Exercise aim: Each line from the start of the data below through the one containing "fixes N Y p" must be reproduced exactly.

Collected data entries
(* Tilting Y by beta = d(Y, p) about N and then spinning about Y reaches every unit vector
   p: the spin angle a is the longitude of p in the frame (N x Y, N) orthogonal to Y. *)

lemma tilt_and_spin:
  fixes N Y p :: "real^3"
  assumes N: "norm N = 1" and Y: "norm Y = 1" and NY: "N \<bullet> Y = 0" and p: "norm p = 1"
  shows "\<exists>a. 0 \<le> a \<and> a \<le> 2 * pi \<and> (rot_unit a Y ** rot_unit (sphere_dist Y p) N) *v Y = p"
proof -
  define e where "e = N \<times> Y"
  define z where "z = Y \<bullet> p"
  define \<beta> where "\<beta> = sphere_dist Y p"
  have YY: "Y \<bullet> Y = 1" and pp: "p \<bullet> p = 1" using Y p by (simp_all add: norm_eq_1)
  have YN: "Y \<bullet> N = 0" using NY by (simp add: inner_commute)
  have eY: "Y \<bullet> e = 0" unfolding e_def by (simp add: dot_cross_self)
  have Ye: "Y \<times> e = N" unfolding e_def using Lagrange[of Y N Y] YY YN by simp
  note frame = orthonormal_frame[OF N Y NY, folded e_def]
  have z: "\<bar>z\<bar> \<le> 1" unfolding z_def using inner_unit_bound[OF Y p] .
  have cb: "cos \<beta> = z" using z by (simp add: \<beta>_def sphere_dist_def z_def abs_le_iff)
  have sb: "sin \<beta> = sqrt (1 - z^2)" using z by (simp add: \<beta>_def sphere_dist_def z_def sin_arccos abs_le_iff)
  have "p \<bullet> p = p \<bullet> ((p \<bullet> N) *\<^sub>R N + (p \<bullet> Y) *\<^sub>R Y + (p \<bullet> e) *\<^sub>R e)"
    by (rule arg_cong[OF frame])
  also have "\<dots> = (p \<bullet> N)^2 + z^2 + (p \<bullet> e)^2"
    by (simp add: inner_add_right z_def inner_commute power2_eq_square)
  finally have "p \<bullet> p = (p \<bullet> N)^2 + z^2 + (p \<bullet> e)^2" .
  moreover have "(sin \<beta>)^2 = 1 - z^2" using sb z by (simp add: abs_square_le_1)
  ultimately have sq: "(p \<bullet> e)^2 + (p \<bullet> N)^2 = (sin \<beta>)^2" using pp by simp
  obtain a where a: "0 \<le> a" "a \<le> 2 * pi" "p \<bullet> e = sin \<beta> * cos a" "p \<bullet> N = sin \<beta> * sin a"
  proof (cases "sin \<beta> = 0")
    case True
    then have "p \<bullet> e = 0" "p \<bullet> N = 0" using sq by (simp_all add: sum_power2_eq_zero_iff)
    then show ?thesis using that[of 0] True by simp
  next
    case False
    then have "(p \<bullet> e / sin \<beta>)^2 + (p \<bullet> N / sin \<beta>)^2 = 1"
      using sq by (simp add: power_divide add_divide_distrib[symmetric])
    from sincos_total_2pi_le[OF this] obtain t where
      "0 \<le> t" "t \<le> 2 * pi" "p \<bullet> e / sin \<beta> = cos t" "p \<bullet> N / sin \<beta> = sin t"
      by blast
    then show ?thesis using that[of t] False by (simp add: divide_eq_eq mult.commute)
  qed
  have "rot_unit \<beta> N *v Y = cos \<beta> *\<^sub>R Y + sin \<beta> *\<^sub>R e"
    by (simp add: rot_unit_apply NY e_def)
  then have "(rot_unit a Y ** rot_unit \<beta> N) *v Y = rot_unit a Y *v (cos \<beta> *\<^sub>R Y + sin \<beta> *\<^sub>R e)"
    by (simp add: matrix_vector_mul_assoc[symmetric])
  also have "\<dots> = cos \<beta> *\<^sub>R Y + (sin \<beta> * cos a) *\<^sub>R e + (sin \<beta> * sin a) *\<^sub>R N"
    by (simp add: rot_unit_apply cross_add_right cross_mult_right Ye inner_add_right YY eY algebra_simps)
  also have "\<dots> = (p \<bullet> N) *\<^sub>R N + (p \<bullet> Y) *\<^sub>R Y + (p \<bullet> e) *\<^sub>R e"
    using a cb by (simp add: z_def inner_commute algebra_simps)
  also have "\<dots> = p" by (rule frame[symmetric])
  finally show ?thesis using a by (auto simp: \<beta>_def)
qed

(* After tilting and spinning Y onto gY,
   what remains of g fixes Y and hence is a rotation about Y. *)

lemma euler_decomposition:
  fixes N Y :: "real^3" and g :: "real^3^3"
  assumes N: "norm N = 1" and Y: "norm Y = 1" and NY: "N \<bullet> Y = 0" and g: "rotation_matrix g"
  shows "\<exists>a b. 0 \<le> a \<and> a \<le> 2 * pi \<and> 0 \<le> b \<and> b \<le> 2 * pi \<and>
           g = rot_unit a Y ** rot_unit (sphere_dist Y (g *v Y)) N ** rot_unit b Y"
proof -
  have "norm (g *v Y) = 1" using g Y by (simp add: rotation_matrix_def orthogonal_matrix_norm)
  then obtain a where a: "0 \<le> a" "a \<le> 2 * pi"
    and AY: "(rot_unit a Y ** rot_unit (sphere_dist Y (g *v Y)) N) *v Y = g *v Y"
    using tilt_and_spin[OF N Y NY] by blast
  define A where "A = rot_unit a Y ** rot_unit (sphere_dist Y (g *v Y)) N"
  have A: "rotation_matrix A"
    unfolding A_def using rotation_matrix_mul rotation_matrix_rot_unit N Y by blast
  then have AAt: "A ** transpose A = mat 1" and AtA: "transpose A ** A = mat 1"
    by (simp_all add: rotation_matrix_def orthogonal_matrix_def)
  define h where "h = transpose A ** g"
  have "rotation_matrix (transpose A)" using A by (simp add: rotation_matrix_def det_transpose)
  then have "rotation_matrix h" using g by (simp add: h_def rotation_matrix_mul)
  moreover have "h *v Y = Y"
  proof -
    have "h *v Y = transpose A *v (A *v Y)"
      using AY by (simp add: h_def A_def matrix_vector_mul_assoc)
    also have "\<dots> = Y" by (simp add: matrix_vector_mul_assoc AtA)
    finally show ?thesis .
  qed
  ultimately obtain b where b: "0 \<le> b" "b \<le> 2 * pi" "h = rot_unit b Y"
    using rotation_fixing_axis[OF _ N Y NY] by blast
  have "g = A ** h" by (simp add: h_def matrix_mul_assoc AAt)
  then show ?thesis using a b by (auto simp: A_def)
qed

section \<open>The optimal word\<close>

lemma pattern_axis:
  fixes X Y :: "real^3"
  assumes X: "norm X = 1" and Y: "norm Y = 1"
  shows "(X - (X \<bullet> Y) *\<^sub>R Y) \<bullet> Y = 0" and "norm (X - (X \<bullet> Y) *\<^sub>R Y) = norm (X \<times> Y)"
proof -
  have XX: "X \<bullet> X = 1" and YY: "Y \<bullet> Y = 1" using X Y by (simp_all add: norm_eq_1)
  show "(X - (X \<bullet> Y) *\<^sub>R Y) \<bullet> Y = 0" by (simp add: inner_diff_left YY)
  have "(norm (X - (X \<bullet> Y) *\<^sub>R Y))^2 = 1 - (X \<bullet> Y)^2"
    unfolding power2_norm_eq_inner
    by (simp add: inner_diff_left inner_diff_right XX YY inner_commute power2_eq_square)
  moreover have "(norm (X \<times> Y))^2 = 1 - (X \<bullet> Y)^2" using norm_cross_dot[of X Y] X Y by simp
  ultimately show "norm (X - (X \<bullet> Y) *\<^sub>R Y) = norm (X \<times> Y)"
    by (metis norm_ge_zero power2_eq_iff_nonneg)
qed

lemma unit_cross_pos:
  fixes X Y :: "real^3"
  assumes X: "norm X = 1" and Y: "norm Y = 1" and XY: "\<bar>X \<bullet> Y\<bar> < 1"
  shows "0 < norm (X \<times> Y)"
proof -
  have "(norm (X \<times> Y))^2 = 1 - (X \<bullet> Y)^2" using norm_cross_dot[of X Y] X Y by simp
  moreover have "(X \<bullet> Y)^2 < 1" using XY by (simp add: abs_square_less_1)
  ultimately have "norm (X \<times> Y) \<noteq> 0" by auto
  then show ?thesis by simp
qed

lemma euler_word_decomposes:
  fixes X Y :: "real^3" and g :: "real^3^3"
  assumes X: "norm X = 1" and Y: "norm Y = 1" and XY: "\<bar>X \<bullet> Y\<bar> < 1" and g: "rotation_matrix g"
  shows "\<exists>t1 t2 sg1 sg3. 0 \<le> t1 \<and> t1 \<le> pi \<and> 0 \<le> t2 \<and> t2 \<le> pi \<and>
           is_decomp X Y g [(t1, if sg1 then Y else - Y),
                            (sphere_dist Y (g *v Y) / norm (X \<times> Y), X - (X \<bullet> Y) *\<^sub>R Y),
                            (t2, if sg3 then Y else - Y)]"
proof -
  define W where "W = X - (X \<bullet> Y) *\<^sub>R Y"
  define s where "s = norm (X \<times> Y)"
  define \<beta> where "\<beta> = sphere_dist Y (g *v Y)"
  have WY: "W \<bullet> Y = 0" and nW: "norm W = s" using pattern_axis[OF X Y] by (simp_all add: W_def s_def)
  have s: "0 < s" using unit_cross_pos[OF X Y XY] by (simp add: s_def)
  define N where "N = inverse s *\<^sub>R W"
  have N: "norm N = 1" and NY: "N \<bullet> Y = 0" using nW s WY by (simp_all add: N_def)
  have "norm (g *v Y) = 1" using g Y by (simp add: rotation_matrix_def orthogonal_matrix_norm)
  then have \<beta>: "0 \<le> \<beta>" using sphere_dist_nonneg Y by (simp add: \<beta>_def)
  obtain a b where ab: "0 \<le> a" "a \<le> 2 * pi" "0 \<le> b" "b \<le> 2 * pi"
    and euler: "g = rot_unit a Y ** rot_unit \<beta> N ** rot_unit b Y"
    using euler_decomposition[OF N Y NY g] by (auto simp: \<beta>_def)
  obtain t1 sg1 where t1: "0 \<le> t1" "t1 \<le> pi" "rot t1 (if sg1 then Y else - Y) = rot_unit a Y"
    using rot_unit_as_short_rotation[OF Y ab(1,2)] by blast
  obtain t2 sg3 where t2: "0 \<le> t2" "t2 \<le> pi" "rot t2 (if sg3 then Y else - Y) = rot_unit b Y"
    using rot_unit_as_short_rotation[OF Y ab(3,4)] by blast
  have "rot (\<beta> / s) W = rot_unit \<beta> N" using s nW by (simp add: rot_def N_def)
  then have "word_prod [(t1, if sg1 then Y else - Y), (\<beta> / s, W), (t2, if sg3 then Y else - Y)] = g"
    using t1(3) t2(3) by (simp add: word_prod_def euler matrix_mul_assoc)
  moreover have "Y \<in> span {X, Y}" and "W \<in> span {X, Y}"
    by (simp_all add: W_def span_base span_diff span_scale)
  moreover have "Y \<noteq> 0" and "W \<noteq> 0" using Y nW s by auto
  ultimately have "is_decomp X Y g [(t1, if sg1 then Y else - Y), (\<beta> / s, W), (t2, if sg3 then Y else - Y)]"
    using t1 t2 \<beta> s by (auto simp: is_decomp_def span_neg)
  then show ?thesis using t1 t2 unfolding W_def s_def \<beta>_def by blast
qed

(* For kappa = 0 the rotations about +-Y are free and W has cost 1, so the word above costs t. *)

lemma euler_word_cost:
  fixes X Y :: "real^3"
  assumes X: "norm X = 1" and Y: "norm Y = 1" and XY: "\<bar>X \<bullet> Y\<bar> < 1"
  shows "word_cost 0 X Y [(t1, if sg1 then Y else - Y), (t, X - (X \<bullet> Y) *\<^sub>R Y),
           (t2, if sg3 then Y else - Y)] = t"
proof -
  have "cost 0 X Y (if sg then Y else - Y) = 0" for sg
    using cost_coords[OF X Y XY, of 0 0 1] cost_coords[OF X Y XY, of 0 0 "- 1"] by simp
  moreover have "cost 0 X Y (X - (X \<bullet> Y) *\<^sub>R Y) = 1"
    using cost_coords[OF X Y XY, of 0 1 "- (X \<bullet> Y)"] by simp
  ultimately show ?thesis by (simp add: word_cost_def)
qed

lemma optimal_decompI:
  assumes "is_decomp X Y g ds"
    and "\<And>ds'. is_decomp X Y g ds' \<Longrightarrow> word_cost \<kappa> X Y ds \<le> word_cost \<kappa> X Y ds'"
  shows "optimal_decomp \<kappa> X Y g ds"
  unfolding optimal_decomp_def using assms by (auto intro!: cInf_eq_minimum[symmetric])

(* The Euler word is optimal: its cost d(Y, gY) / |X x Y| is the lower bound of
   decomp_displacement_bound. *)

lemma optimal_euler_word:
  fixes X Y :: "real^3" and g :: "real^3^3"
  assumes X: "norm X = 1" and Y: "norm Y = 1" and XY: "\<bar>X \<bullet> Y\<bar> < 1" and g: "rotation_matrix g"
  shows "\<exists>t t1 t2 sg1 sg3. 0 \<le> t \<and> 0 \<le> t1 \<and> t1 \<le> pi \<and> 0 \<le> t2 \<and> t2 \<le> pi \<and>
           optimal_decomp 0 X Y g [(t1, if sg1 then Y else - Y), (t, X - (X \<bullet> Y) *\<^sub>R Y),
                                   (t2, if sg3 then Y else - Y)]"
proof -
  define t where "t = sphere_dist Y (g *v Y) / norm (X \<times> Y)"
  obtain t1 t2 sg1 sg3 where t12: "0 \<le> t1" "t1 \<le> pi" "0 \<le> t2" "t2 \<le> pi"
    and dec: "is_decomp X Y g [(t1, if sg1 then Y else - Y), (t, X - (X \<bullet> Y) *\<^sub>R Y),
                               (t2, if sg3 then Y else - Y)]"
    using euler_word_decomposes[OF X Y XY g] unfolding t_def by blast
  have "0 < norm (X \<times> Y)" by (rule unit_cross_pos[OF X Y XY])
  then have lower: "t \<le> word_cost 0 X Y ds'" if "is_decomp X Y g ds'" for ds'
    using decomp_displacement_bound[OF X Y XY that] by (simp add: t_def divide_le_eq mult.commute)
  have "norm (g *v Y) = 1" using g Y by (simp add: rotation_matrix_def orthogonal_matrix_norm)
  then have "0 \<le> t" using sphere_dist_nonneg[OF Y] by (simp add: t_def)
  moreover have "optimal_decomp 0 X Y g [(t1, if sg1 then Y else - Y), (t, X - (X \<bullet> Y) *\<^sub>R Y),
                                         (t2, if sg3 then Y else - Y)]"
    using dec lower euler_word_cost[OF X Y XY] by (intro optimal_decompI) simp_all
  ultimately show ?thesis using t12 by blast
qed

section \<open>Matching the patterns\<close>

(* Up to the symmetry rho, the half-turn patterns (IX) and (X) realise all four sign
   choices for the outer rotations about +-Y. *)

lemma pattern_signs:
  "\<exists>\<sigma>\<in>sym_group. \<exists>P\<in>{pattern_IX t, pattern_X t}.
     eval_word 0 c X Y (apply_sym \<sigma> P) =
     [(pi, if sg1 then Y else - Y), (t, X - c *\<^sub>R Y), (pi, if sg3 then Y else - Y)]"
proof (cases sg1; cases sg3)
  assume "sg1" "sg3" then show ?thesis
    by (intro bexI[of _ id] bexI[of _ "pattern_IX t"])
      (simp_all add: sym_group_def eval_word_def apply_sym_def pattern_IX_def slab_vec_def lab_vec_def)
next
  assume "sg1" "\<not> sg3" then show ?thesis
    by (intro bexI[of _ id] bexI[of _ "pattern_X t"])
      (simp_all add: sym_group_def eval_word_def apply_sym_def pattern_X_def slab_vec_def lab_vec_def)
next
  assume "\<not> sg1" "\<not> sg3" then show ?thesis
    by (intro bexI[of _ rho] bexI[of _ "pattern_IX t"])
      (simp_all add: sym_group_def eval_word_def apply_sym_def pattern_IX_def slab_vec_def lab_vec_def
         rho_def rho_lab_def)
next
  assume "\<not> sg1" "sg3" then show ?thesis
    by (intro bexI[of _ rho] bexI[of _ "pattern_X t"])
      (simp_all add: sym_group_def eval_word_def apply_sym_def pattern_X_def slab_vec_def lab_vec_def
         rho_def rho_lab_def)
qed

Solved exercise:
(* Tilting Y by beta = d(Y, p) about N and then spinning about Y reaches every unit vector
   p: the spin angle a is the longitude of p in the frame (N x Y, N) orthogonal to Y. *)

lemma tilt_and_spin:
  fixes N Y p :: "real^3"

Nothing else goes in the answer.